#### [Provided records]

lemma abs_gbinomial_le_one:
  assumes "real F \<le> x" "x < real F + 1" "F + 1 \<le> k"
  shows "\<bar>x gchoose k\<bar> \<le> 1"
  using assms(3)
proof (induction k rule: dec_induct)
  case base
  show ?case using abs_gbinomial_le_binomial[OF assms(1,2), of "F + 1"] by simp
next
  case (step k)
  have "\<bar>x - real k\<bar> \<le> real k + 1" using assms step by auto
  then have "\<bar>x gchoose k\<bar> * \<bar>x - real k\<bar> / (real k + 1) \<le> 1 * (real k + 1) / (real k + 1)"
    by (intro divide_right_mono mult_mono step) auto
  then show ?case by (simp add: abs_gbinomial_Suc)
qed

lemma abs_gbinomial_le_binomial_plus_one:
  assumes "real F \<le> x" "x < real F + 1"
  shows "\<bar>x gchoose k\<bar> \<le> real ((F + 1) choose k) + 1"
  using abs_gbinomial_le_binomial[OF assms, of k] abs_gbinomial_le_one[OF assms, of k]
  by (cases "k \<le> F + 1") auto

lemma abs_gbinomial_le_pow2:
  assumes "real F \<le> x" "x < real F + 1"
  shows "\<bar>x gchoose k\<bar> \<le> 2 ^ (F + 1)"
proof (cases "k \<le> F + 1")
  case True
  have "real ((F + 1) choose k) \<le> 2 ^ (F + 1)"
    using binomial_le_pow2[of "F + 1" k] by (metis of_nat_le_iff of_nat_numeral of_nat_power)
  then show ?thesis using abs_gbinomial_le_binomial[OF assms True] by linarith
next
  case False
  then have "\<bar>x gchoose k\<bar> \<le> 1" using abs_gbinomial_le_one[OF assms, of k] by simp
  also have "(1::real) \<le> 2 ^ (F + 1)" by (rule one_le_power) simp
  finally show ?thesis .
qed

lemma abs_gbinomial_add2_le:
  assumes "real K \<le> z" "z < real K + 1"
  shows "\<bar>z gchoose (K + 2)\<bar> \<le> 1 / (4 * (real K + 2))"
proof -
  have quarter: "(z - real K) * (real K + 1 - z) \<le> 1/4"
    using zero_le_square[of "2 * z - 2 * real K - 1"] by (simp add: algebra_simps)
  have "\<bar>z gchoose (K + 2)\<bar> = \<bar>z gchoose K\<bar> * ((z - real K) * (real K + 1 - z)) / ((real K + 1) * (real K + 2))"
    using assms by (simp add: numeral_2_eq_2 abs_gbinomial_Suc abs_of_nonneg abs_of_neg field_simps)
  also have "\<dots> \<le> (real K + 1) * (1/4) / ((real K + 1) * (real K + 2))"
    using abs_gbinomial_le_binomial[OF assms, of K] assms
    by (intro divide_right_mono mult_mono quarter) auto
  also have "\<dots> = 1 / (4 * (real K + 2))"
    by (simp only: mult_divide_mult_cancel_left_if) simp
  finally show ?thesis .
qed

text \<open>For \<open>i \<ge> K + 1\<close> the ratio \<open>|z gchoose (i + 1)| / |z gchoose i| = (i - z) / (i + 1)\<close> is at
  most \<open>(i - K) / (i + 1)\<close>, which makes
  \<open>K (|z gchoose (K + 2)| + \<dots> + |z gchoose m|) + (m - K) |z gchoose m|\<close> decrease in \<open>m\<close>.\<close>

lemma sum_abs_gbinomial_tail_le:
  assumes "1 \<le> K" "real K \<le> z" "z < real K + 1"
  shows "(\<Sum>i = K + 2..m. \<bar>z gchoose i\<bar>) \<le> 1 / (4 * real K)"
proof (cases "K + 2 \<le> m")
  case True
  define u where "u i = \<bar>z gchoose i\<bar>" for i
  have ratio: "(real i + 1) * u (Suc i) \<le> (real i - real K) * u i" if "K + 1 \<le> i" for i
  proof -
    have "\<bar>z - real i\<bar> \<le> real i - real K" using that assms by auto
    then show ?thesis
      unfolding u_def abs_gbinomial_Suc by (simp add: mult.commute mult_left_mono)
  qed
  have telescope: "real K * (\<Sum>i = K + 2..j. u i) + (real j - real K) * u j \<le> (real K + 2) * u (K + 2)"
    if "K + 2 \<le> j" for j
    using that
  proof (induction j rule: dec_induct)
    case (step j)
    have "(\<Sum>i = K + 2..Suc j. u i) = (\<Sum>i = K + 2..j. u i) + u (Suc j)"
      using step.hyps by simp
    then show ?case using step.IH ratio[of j] step.hyps by (simp add: algebra_simps)
  qed (simp add: algebra_simps)
  have "0 \<le> (real m - real K) * u m" using True by (simp add: u_def)
  then have "real K * (\<Sum>i = K + 2..m. u i) \<le> (real K + 2) * u (K + 2)"
    using telescope[OF True] by linarith
  also have "\<dots> \<le> (real K + 2) * (1 / (4 * (real K + 2)))"
    unfolding u_def using abs_gbinomial_add2_le[OF assms(2,3)] by (intro mult_left_mono) auto
  also have "\<dots> = 1/4" by (simp add: field_simps)
  finally show ?thesis using assms(1) unfolding u_def by (simp add: field_simps)
qed simp

definition gchoose_conv :: "real \<Rightarrow> real \<Rightarrow> nat \<Rightarrow> real" where
  "gchoose_conv z y m = (\<Sum>i\<le>m. \<bar>z gchoose i\<bar> * \<bar>y gchoose (m - i)\<bar>)"

definition lebesgue_scaled :: "nat \<Rightarrow> real \<Rightarrow> real \<Rightarrow> real \<Rightarrow> real" where
  "lebesgue_scaled n z y w =
     (\<Sum>(a, b, c)\<in>idx n. \<bar>z gchoose a\<bar> * \<bar>y gchoose b\<bar> * \<bar>w gchoose c\<bar>)"

lemma sum_idx_eq_nested: "(\<Sum>i\<in>idx n. f i) = (\<Sum>k\<le>n. \<Sum>i\<le>n - k. f (i, n - k - i, k))"
proof -
  have "(\<Sum>k\<le>n. \<Sum>i\<le>n - k. f (i, n - k - i, k))
      = (\<Sum>(k, i)\<in>(SIGMA k:{..n}. {..n - k}). f (i, n - k - i, k))"
    by (rule sum.Sigma) auto
  also have "\<dots> = (\<Sum>i\<in>idx n. f i)"
    by (rule sum.reindex_bij_witness[where i="\<lambda>(a, b, c). (c, a)" and j="\<lambda>(k, i). (i, n - k - i, k)"])
       (auto simp: idx_def)
  finally show ?thesis by simp
qed

lemma lebesgue_scaled_eq_conv:
  "lebesgue_scaled n z y w = (\<Sum>k\<le>n. \<bar>w gchoose k\<bar> * gchoose_conv z y (n - k))"
  unfolding lebesgue_scaled_def gchoose_conv_def sum_idx_eq_nested
  by (simp add: sum_distrib_left algebra_simps)

lemma lebesgue_scaled_commute: "lebesgue_scaled n z y w = lebesgue_scaled n z w y"
  unfolding lebesgue_scaled_def
  by (rule sum.reindex_bij_witness[where i="\<lambda>(a, b, c). (a, c, b)" and j="\<lambda>(a, b, c). (a, c, b)"])
     (auto simp: idx_def)

lemma lebesgue_eq_lebesgue_scaled:
  "lebesgue n x1 x2 x3 = lebesgue_scaled n (real n * x1) (real n * x2) (real n * x3)"
proof -
  have "lfac n k x = (real n * x) gchoose k" for k x
    by (simp add: lfac_def gbinomial_prod_rev atLeast0LessThan)
  then show ?thesis
    unfolding lebesgue_def lebesgue_scaled_def
    by (intro sum.cong) (auto simp: lagr_def abs_mult)
qed

lemma gchoose_conv_Suc:
  "gchoose_conv z y (Suc m) = (\<Sum>i\<le>m. \<bar>z gchoose i\<bar> * \<bar>y gchoose Suc (m - i)\<bar>) + \<bar>z gchoose Suc m\<bar>"
  unfolding gchoose_conv_def by (simp add: Suc_diff_le)

lemma gchoose_conv_Suc_shift:
  "gchoose_conv z y (Suc m) = \<bar>y gchoose Suc m\<bar> + (\<Sum>i\<le>m. \<bar>z gchoose Suc i\<bar> * \<bar>y gchoose (m - i)\<bar>)"
  unfolding gchoose_conv_def by (subst sum.atMost_Suc_shift) simp

lemma gchoose_conv_plus1_right_le:
  "gchoose_conv z (y + 1) (Suc m) \<le> gchoose_conv z y (Suc m) + gchoose_conv z y m"
proof -
  have pascal: "\<bar>(y + 1) gchoose Suc j\<bar> \<le> \<bar>y gchoose j\<bar> + \<bar>y gchoose Suc j\<bar>" for j
    by (simp add: gbinomial_Suc_Suc abs_triangle_ineq)
  have "gchoose_conv z (y + 1) (Suc m)
      \<le> (\<Sum>i\<le>m. \<bar>z gchoose i\<bar> * (\<bar>y gchoose (m - i)\<bar> + \<bar>y gchoose Suc (m - i)\<bar>)) + \<bar>z gchoose Suc m\<bar>"
    unfolding gchoose_conv_Suc by (intro add_right_mono sum_mono mult_left_mono pascal) auto
  also have "\<dots> = gchoose_conv z y (Suc m) + gchoose_conv z y m"
    unfolding gchoose_conv_Suc by (simp add: gchoose_conv_def distrib_left sum.distrib)
  finally show ?thesis .
qed

lemma gchoose_conv_plus1_left_ge:
  assumes "real K \<le> z"
  shows "gchoose_conv z y (Suc m) + gchoose_conv z y m
    \<le> gchoose_conv (z + 1) y (Suc m)
       + 2 * (\<Sum>i\<le>m. (if K + 1 \<le> i then \<bar>z gchoose Suc i\<bar> else 0) * \<bar>y gchoose (m - i)\<bar>)"
proof -
  \<comment> \<open>below \<open>K + 2\<close> both summands of Pascal's rule are nonnegative, so nothing is lost there\<close>
  have pascal: "\<bar>z gchoose i\<bar> + \<bar>z gchoose Suc i\<bar>
      \<le> \<bar>(z + 1) gchoose Suc i\<bar> + 2 * (if K + 1 \<le> i then \<bar>z gchoose Suc i\<bar> else 0)" for i
    using gbinomial_nonneg[OF assms, of i] gbinomial_nonneg[OF assms, of "Suc i"]
    by (auto simp: gbinomial_Suc_Suc)
  have "gchoose_conv z y (Suc m) + gchoose_conv z y m
      = \<bar>y gchoose Suc m\<bar> + (\<Sum>i\<le>m. (\<bar>z gchoose i\<bar> + \<bar>z gchoose Suc i\<bar>) * \<bar>y gchoose (m - i)\<bar>)"
    unfolding gchoose_conv_Suc_shift by (simp add: gchoose_conv_def distrib_right sum.distrib)
  also have "\<dots> \<le> \<bar>y gchoose Suc m\<bar> + (\<Sum>i\<le>m. (\<bar>(z + 1) gchoose Suc i\<bar>
      + 2 * (if K + 1 \<le> i then \<bar>z gchoose Suc i\<bar> else 0)) * \<bar>y gchoose (m - i)\<bar>)"
    by (intro add_left_mono sum_mono mult_right_mono pascal) auto
  also have "\<dots> = gchoose_conv (z + 1) y (Suc m)
      + 2 * (\<Sum>i\<le>m. (if K + 1 \<le> i then \<bar>z gchoose Suc i\<bar> else 0) * \<bar>y gchoose (m - i)\<bar>)"
    unfolding gchoose_conv_Suc_shift by (simp add: distrib_right sum.distrib sum_distrib_left mult.assoc)
  finally show ?thesis .
qed

lemma gchoose_conv_tail_le:
  assumes "1 \<le> K" "real K \<le> z" "z < real K + 1" and Y: "\<And>j. \<bar>y gchoose j\<bar> \<le> Y"
  shows "(\<Sum>i\<le>m. (if K + 1 \<le> i then \<bar>z gchoose Suc i\<bar> else 0) * \<bar>y gchoose (m - i)\<bar>)
    \<le> (if K + 1 \<le> m then Y / (4 * real K) else 0)"
proof -
  have "0 \<le> Y" using Y[of 0] by simp
  have "(\<Sum>i\<le>m. (if K + 1 \<le> i then \<bar>z gchoose Suc i\<bar> else 0) * \<bar>y gchoose (m - i)\<bar>)
      \<le> (\<Sum>i\<le>m. if K + 1 \<le> i then \<bar>z gchoose Suc i\<bar> * Y else 0)"
    by (intro sum_mono) (auto intro: mult_left_mono Y)
  also have "\<dots> = (\<Sum>i\<in>{..m} \<inter> {i. K + 1 \<le> i}. \<bar>z gchoose Suc i\<bar> * Y)"
    by (simp add: sum.inter_restrict)
  also have "{..m} \<inter> {i. K + 1 \<le> i} = {K + 1..m}" by auto
  also have "(\<Sum>i = K + 1..m. \<bar>z gchoose Suc i\<bar> * Y) = Y * (\<Sum>i = K + 1..m. \<bar>z gchoose Suc i\<bar>)"
    by (simp add: sum_distrib_left mult.commute)
  also have "(\<Sum>i = K + 1..m. \<bar>z gchoose Suc i\<bar>) = (\<Sum>i = K + 2..Suc m. \<bar>z gchoose i\<bar>)"
    using sum.shift_bounds_cl_Suc_ivl[of "\<lambda>i. \<bar>z gchoose i\<bar>" "K + 1" m]
    by (simp only: Suc_eq_plus1 add.assoc one_add_one)
  also have "Y * \<dots> \<le> (if K + 1 \<le> m then Y / (4 * real K) else 0)"
    using mult_left_mono[OF sum_abs_gbinomial_tail_le[OF assms(1-3), of "Suc m"] \<open>0 \<le> Y\<close>] by auto
  finally show ?thesis .
qed

lemma gchoose_conv_move_le:
  assumes "1 \<le> K" "real K \<le> z" "z < real K + 1" "\<And>j. \<bar>y gchoose j\<bar> \<le> Y"
  shows "gchoose_conv z (y + 1) m \<le> gchoose_conv (z + 1) y m + (if K + 2 \<le> m then Y / (2 * real K) else 0)"
proof (cases m)
  case 0
  then show ?thesis by (simp add: gchoose_conv_def)
next
  case (Suc m')
  then show ?thesis
    using gchoose_conv_plus1_right_le[of z y m'] gchoose_conv_plus1_left_ge[OF assms(2), of y m']
      gchoose_conv_tail_le[OF assms, of m']
    by (auto split: if_splits)
qed

lemma sum_binomial_atMost_le_pow2: "(\<Sum>k\<le>m. n choose k) \<le> 2 ^ n"
proof -
  have "(\<Sum>k\<le>m. n choose k) \<le> (\<Sum>k\<le>m + n. n choose k)"
    by (intro sum_mono2) auto
  also have "\<dots> = (\<Sum>k\<le>n. n choose k)"
    by (rule sum.mono_neutral_right) (auto simp: binomial_eq_0)
  finally show ?thesis by (simp only: choose_row_sum)
qed

lemma sum_abs_gbinomial_count_le:
  assumes "real F \<le> w" "w < real F + 1" "K0 \<le> K" "K0 \<le> n"
  shows "(\<Sum>k\<le>n. if K + 2 \<le> n - k then \<bar>w gchoose k\<bar> else 0) \<le> 2 ^ (F + 1) + (real n - real K0)"
proof -
  have "(\<Sum>k\<le>n. if K + 2 \<le> n - k then \<bar>w gchoose k\<bar> else 0)
      \<le> (\<Sum>k\<le>n. real ((F + 1) choose k) + (if k < n - K0 then 1 else 0))"
    using abs_gbinomial_le_binomial_plus_one[OF assms(1,2)] assms(3)
    by (intro sum_mono) (auto simp: add_increasing2)
  also have "\<dots> = real (\<Sum>k\<le>n. (F + 1) choose k) + (\<Sum>k\<le>n. if k < n - K0 then 1 else 0)"
    by (simp only: sum.distrib of_nat_sum)
  also have "\<dots> \<le> 2 ^ (F + 1) + (real n - real K0)"
  proof (rule add_mono)
    show "real (\<Sum>k\<le>n. (F + 1) choose k) \<le> 2 ^ (F + 1)"
      using sum_binomial_atMost_le_pow2[of "F + 1" n]
      by (metis of_nat_le_iff of_nat_numeral of_nat_power)
    have "(\<Sum>k\<le>n. if k < n - K0 then 1 else 0) = (\<Sum>k\<in>{..n} \<inter> {k. k < n - K0}. 1::real)"
      by (subst sum.inter_restrict) auto
    also have "{..n} \<inter> {k. k < n - K0} = {..<n - K0}" by auto
    finally show "(\<Sum>k\<le>n. if k < n - K0 then 1 else 0) \<le> real n - real K0" using assms(4) by simp
  qed
  finally show ?thesis .
qed

lemma lebesgue_scaled_move_le:
  assumes "1 \<le> K0" "K0 \<le> K" "K0 \<le> n" "real K \<le> z" "z < real K + 1"
    and Y: "\<And>j. \<bar>y gchoose j\<bar> \<le> Y" and "real F \<le> w" "w < real F + 1"
  shows "lebesgue_scaled n z (y + 1) w
    \<le> lebesgue_scaled n (z + 1) y w + Y / (2 * real K0) * (2 ^ (F + 1) + (real n - real K0))"
proof -
  have "1 \<le> K" using assms by simp
  have "0 \<le> Y" using Y[of 0] by simp
  have "lebesgue_scaled n z (y + 1) w
      \<le> (\<Sum>k\<le>n. \<bar>w gchoose k\<bar> * (gchoose_conv (z + 1) y (n - k)
          + (if K + 2 \<le> n - k then Y / (2 * real K) else 0)))"
    unfolding lebesgue_scaled_eq_conv
    by (intro sum_mono mult_left_mono gchoose_conv_move_le \<open>1 \<le> K\<close> assms(4,5) Y) auto
  also have "\<dots> = lebesgue_scaled n (z + 1) y w
      + Y / (2 * real K) * (\<Sum>k\<le>n. if K + 2 \<le> n - k then \<bar>w gchoose k\<bar> else 0)"
    unfolding lebesgue_scaled_eq_conv sum_distrib_left sum.distrib[symmetric]
    by (intro sum.cong) (auto simp: algebra_simps)
  also have "\<dots> \<le> lebesgue_scaled n (z + 1) y w
      + Y / (2 * real K0) * (2 ^ (F + 1) + (real n - real K0))"
    using assms \<open>0 \<le> Y\<close>
    by (intro add_left_mono mult_mono divide_left_mono sum_abs_gbinomial_count_le sum_nonneg) auto
  finally show ?thesis .
qed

#### [Task goal]
What is needed is an exact copy of the entries from their first line down to the line with "using assms by (simp", that line included, and nothing beyond it.

#### [Exercise response]
lemma abs_gbinomial_le_one:
  assumes "real F \<le> x" "x < real F + 1" "F + 1 \<le> k"
  shows "\<bar>x gchoose k\<bar> \<le> 1"
  using assms(3)
proof (induction k rule: dec_induct)
  case base
  show ?case using abs_gbinomial_le_binomial[OF assms(1,2), of "F + 1"] by simp
next
  case (step k)
  have "\<bar>x - real k\<bar> \<le> real k + 1" using assms step by auto
  then have "\<bar>x gchoose k\<bar> * \<bar>x - real k\<bar> / (real k + 1) \<le> 1 * (real k + 1) / (real k + 1)"
    by (intro divide_right_mono mult_mono step) auto
  then show ?case by (simp add: abs_gbinomial_Suc)
qed

lemma abs_gbinomial_le_binomial_plus_one:
  assumes "real F \<le> x" "x < real F + 1"
  shows "\<bar>x gchoose k\<bar> \<le> real ((F + 1) choose k) + 1"
  using abs_gbinomial_le_binomial[OF assms, of k] abs_gbinomial_le_one[OF assms, of k]
  by (cases "k \<le> F + 1") auto

lemma abs_gbinomial_le_pow2:
  assumes "real F \<le> x" "x < real F + 1"
  shows "\<bar>x gchoose k\<bar> \<le> 2 ^ (F + 1)"
proof (cases "k \<le> F + 1")
  case True
  have "real ((F + 1) choose k) \<le> 2 ^ (F + 1)"
    using binomial_le_pow2[of "F + 1" k] by (metis of_nat_le_iff of_nat_numeral of_nat_power)
  then show ?thesis using abs_gbinomial_le_binomial[OF assms True] by linarith
next
  case False
  then have "\<bar>x gchoose k\<bar> \<le> 1" using abs_gbinomial_le_one[OF assms, of k] by simp
  also have "(1::real) \<le> 2 ^ (F + 1)" by (rule one_le_power) simp
  finally show ?thesis .
qed

lemma abs_gbinomial_add2_le:
  assumes "real K \<le> z" "z < real K + 1"
  shows "\<bar>z gchoose (K + 2)\<bar> \<le> 1 / (4 * (real K + 2))"
proof -
  have quarter: "(z - real K) * (real K + 1 - z) \<le> 1/4"
    using zero_le_square[of "2 * z - 2 * real K - 1"] by (simp add: algebra_simps)
  have "\<bar>z gchoose (K + 2)\<bar> = \<bar>z gchoose K\<bar> * ((z - real K) * (real K + 1 - z)) / ((real K + 1) * (real K + 2))"
    using assms by (simp add: numeral_2_eq_2 abs_gbinomial_Suc abs_of_nonneg abs_of_neg field_simps)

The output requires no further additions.